_Task goal_
The records that follow must be repeated exactly, line by line.

(Dataset items)
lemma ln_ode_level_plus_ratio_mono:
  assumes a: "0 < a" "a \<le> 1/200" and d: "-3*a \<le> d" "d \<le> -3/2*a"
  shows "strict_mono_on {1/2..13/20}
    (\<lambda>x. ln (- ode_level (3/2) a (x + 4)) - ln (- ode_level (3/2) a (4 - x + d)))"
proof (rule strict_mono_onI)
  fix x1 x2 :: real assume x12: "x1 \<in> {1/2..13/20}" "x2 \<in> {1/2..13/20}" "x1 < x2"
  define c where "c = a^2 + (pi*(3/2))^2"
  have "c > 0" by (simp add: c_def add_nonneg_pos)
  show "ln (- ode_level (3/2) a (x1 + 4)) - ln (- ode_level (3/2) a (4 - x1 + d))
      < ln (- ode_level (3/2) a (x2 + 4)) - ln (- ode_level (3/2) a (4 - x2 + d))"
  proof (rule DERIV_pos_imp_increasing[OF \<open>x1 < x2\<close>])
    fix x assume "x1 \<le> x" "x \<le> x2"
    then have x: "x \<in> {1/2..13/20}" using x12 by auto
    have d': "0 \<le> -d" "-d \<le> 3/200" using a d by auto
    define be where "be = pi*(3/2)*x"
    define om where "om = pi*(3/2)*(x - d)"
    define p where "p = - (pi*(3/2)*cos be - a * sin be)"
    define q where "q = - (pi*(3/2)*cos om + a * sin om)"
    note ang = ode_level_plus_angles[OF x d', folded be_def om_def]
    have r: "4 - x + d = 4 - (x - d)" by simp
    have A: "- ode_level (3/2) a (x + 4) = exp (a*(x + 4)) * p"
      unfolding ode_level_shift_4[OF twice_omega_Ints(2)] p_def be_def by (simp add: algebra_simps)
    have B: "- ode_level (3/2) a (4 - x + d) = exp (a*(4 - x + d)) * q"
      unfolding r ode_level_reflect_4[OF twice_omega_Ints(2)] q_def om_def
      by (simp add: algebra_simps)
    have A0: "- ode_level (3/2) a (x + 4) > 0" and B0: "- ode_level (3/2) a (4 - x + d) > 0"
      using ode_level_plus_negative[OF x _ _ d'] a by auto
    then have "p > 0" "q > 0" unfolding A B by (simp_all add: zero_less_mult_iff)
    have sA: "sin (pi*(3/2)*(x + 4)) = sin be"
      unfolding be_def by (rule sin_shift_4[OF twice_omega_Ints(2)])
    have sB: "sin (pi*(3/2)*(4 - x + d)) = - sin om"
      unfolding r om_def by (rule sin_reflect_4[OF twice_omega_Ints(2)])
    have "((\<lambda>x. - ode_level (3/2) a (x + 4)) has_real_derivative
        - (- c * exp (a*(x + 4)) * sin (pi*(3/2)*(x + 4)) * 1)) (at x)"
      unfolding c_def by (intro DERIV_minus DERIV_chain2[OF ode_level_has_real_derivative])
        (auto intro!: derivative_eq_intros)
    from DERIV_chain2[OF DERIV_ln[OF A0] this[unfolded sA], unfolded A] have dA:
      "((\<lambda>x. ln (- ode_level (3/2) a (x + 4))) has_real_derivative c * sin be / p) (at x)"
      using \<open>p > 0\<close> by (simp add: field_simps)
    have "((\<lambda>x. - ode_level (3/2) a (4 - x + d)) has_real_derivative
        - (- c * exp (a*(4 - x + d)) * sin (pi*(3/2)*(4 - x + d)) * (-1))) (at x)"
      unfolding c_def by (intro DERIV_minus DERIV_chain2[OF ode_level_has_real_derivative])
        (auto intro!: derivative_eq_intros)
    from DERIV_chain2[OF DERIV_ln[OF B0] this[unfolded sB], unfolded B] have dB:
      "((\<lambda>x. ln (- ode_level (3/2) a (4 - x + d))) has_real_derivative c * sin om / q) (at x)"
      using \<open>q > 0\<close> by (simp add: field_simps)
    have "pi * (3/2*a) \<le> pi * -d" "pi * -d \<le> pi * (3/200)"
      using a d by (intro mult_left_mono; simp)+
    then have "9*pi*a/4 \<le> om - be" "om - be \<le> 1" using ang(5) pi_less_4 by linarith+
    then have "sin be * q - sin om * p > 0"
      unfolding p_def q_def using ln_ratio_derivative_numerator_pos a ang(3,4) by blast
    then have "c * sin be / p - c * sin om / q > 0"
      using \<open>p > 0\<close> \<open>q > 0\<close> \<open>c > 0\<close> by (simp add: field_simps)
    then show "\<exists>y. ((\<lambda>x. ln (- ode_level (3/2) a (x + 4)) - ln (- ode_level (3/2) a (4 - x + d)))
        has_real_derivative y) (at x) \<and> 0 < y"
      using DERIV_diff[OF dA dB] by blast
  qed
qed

_Task output_
lemma ln_ode_level_plus_ratio_mono:
  assumes a: "0 < a" "a \<le> 1/200" and d: "-3*a \<le> d" "d \<le> -3/2*a"
  shows "strict_mono_on {1/2..13/20}
    (\<lambda>x. ln (- ode_level (3/2) a (x + 4)) - ln (- ode_level (3/2) a (4 - x + d)))"
proof (rule strict_mono_onI)
  fix x1 x2 :: real assume x12: "x1 \<in> {1/2..13/20}" "x2 \<in> {1/2..13/20}" "x1 < x2"
  define c where "c = a^2 + (pi*(3/2))^2"
  have "c > 0" by (simp add: c_def add_nonneg_pos)
  show "ln (- ode_level (3/2) a (x1 + 4)) - ln (- ode_level (3/2) a (4 - x1 + d))
      < ln (- ode_level (3/2) a (x2 + 4)) - ln (- ode_level (3/2) a (4 - x2 + d))"
  proof (rule DERIV_pos_imp_increasing[OF \<open>x1 < x2\<close>])
    fix x assume "x1 \<le> x" "x \<le> x2"
    then have x: "x \<in> {1/2..13/20}" using x12 by auto
    have d': "0 \<le> -d" "-d \<le> 3/200" using a d by auto
    define be where "be = pi*(3/2)*x"
    define om where "om = pi*(3/2)*(x - d)"
    define p where "p = - (pi*(3/2)*cos be - a * sin be)"
    define q where "q = - (pi*(3/2)*cos om + a * sin om)"
    note ang = ode_level_plus_angles[OF x d', folded be_def om_def]
    have r: "4 - x + d = 4 - (x - d)" by simp
    have A: "- ode_level (3/2) a (x + 4) = exp (a*(x + 4)) * p"
      unfolding ode_level_shift_4[OF twice_omega_Ints(2)] p_def be_def by (simp add: algebra_simps)
    have B: "- ode_level (3/2) a (4 - x + d) = exp (a*(4 - x + d)) * q"
      unfolding r ode_level_reflect_4[OF twice_omega_Ints(2)] q_def om_def
      by (simp add: algebra_simps)
    have A0: "- ode_level (3/2) a (x + 4) > 0" and B0: "- ode_level (3/2) a (4 - x + d) > 0"
      using ode_level_plus_negative[OF x _ _ d'] a by auto
    then have "p > 0" "q > 0" unfolding A B by (simp_all add: zero_less_mult_iff)
    have sA: "sin (pi*(3/2)*(x + 4)) = sin be"
      unfolding be_def by (rule sin_shift_4[OF twice_omega_Ints(2)])
    have sB: "sin (pi*(3/2)*(4 - x + d)) = - sin om"
      unfolding r om_def by (rule sin_reflect_4[OF twice_omega_Ints(2)])
    have "((\<lambda>x. - ode_level (3/2) a (x + 4)) has_real_derivative
        - (- c * exp (a*(x + 4)) * sin (pi*(3/2)*(x + 4)) * 1)) (at x)"
      unfolding c_def by (intro DERIV_minus DERIV_chain2[OF ode_level_has_real_derivative])
        (auto intro!: derivative_eq_intros)
    from DERIV_chain2[OF DERIV_ln[OF A0] this[unfolded sA], unfolded A] have dA:
      "((\<lambda>x. ln (- ode_level (3/2) a (x + 4))) has_real_derivative c * sin be / p) (at x)"
      using \<open>p > 0\<close> by (simp add: field_simps)
    have "((\<lambda>x. - ode_level (3/2) a (4 - x + d)) has_real_derivative
        - (- c * exp (a*(4 - x + d)) * sin (pi*(3/2)*(4 - x + d)) * (-1))) (at x)"
      unfolding c_def by (intro DERIV_minus DERIV_chain2[OF ode_level_has_real_derivative])
        (auto intro!: derivative_eq_intros)
    from DERIV_chain2[OF DERIV_ln[OF B0] this[unfolded sB], unfolded B] have dB:
      "((\<lambda>x. ln (- ode_level (3/2) a (4 - x + d))) has_real_derivative c * sin om / q) (at x)"
      using \<open>q > 0\<close> by (simp add: field_simps)
    have "pi * (3/2*a) \<le> pi * -d" "pi * -d \<le> pi * (3/200)"
      using a d by (intro mult_left_mono; simp)+
    then have "9*pi*a/4 \<le> om - be" "om - be \<le> 1" using ang(5) pi_less_4 by linarith+
    then have "sin be * q - sin om * p > 0"
      unfolding p_def q_def using ln_ratio_derivative_numerator_pos a ang(3,4) by blast
    then have "c * sin be / p - c * sin om / q > 0"
      using \<open>p > 0\<close> \<open>q > 0\<close> \<open>c > 0\<close> by (simp add: field_simps)
    then show "\<exists>y. ((\<lambda>x. ln (- ode_level (3/2) a (x + 4)) - ln (- ode_level (3/2) a (4 - x + d)))
        has_real_derivative y) (at x) \<and> 0 < y"
      using DERIV_diff[OF dA dB] by blast
  qed
qed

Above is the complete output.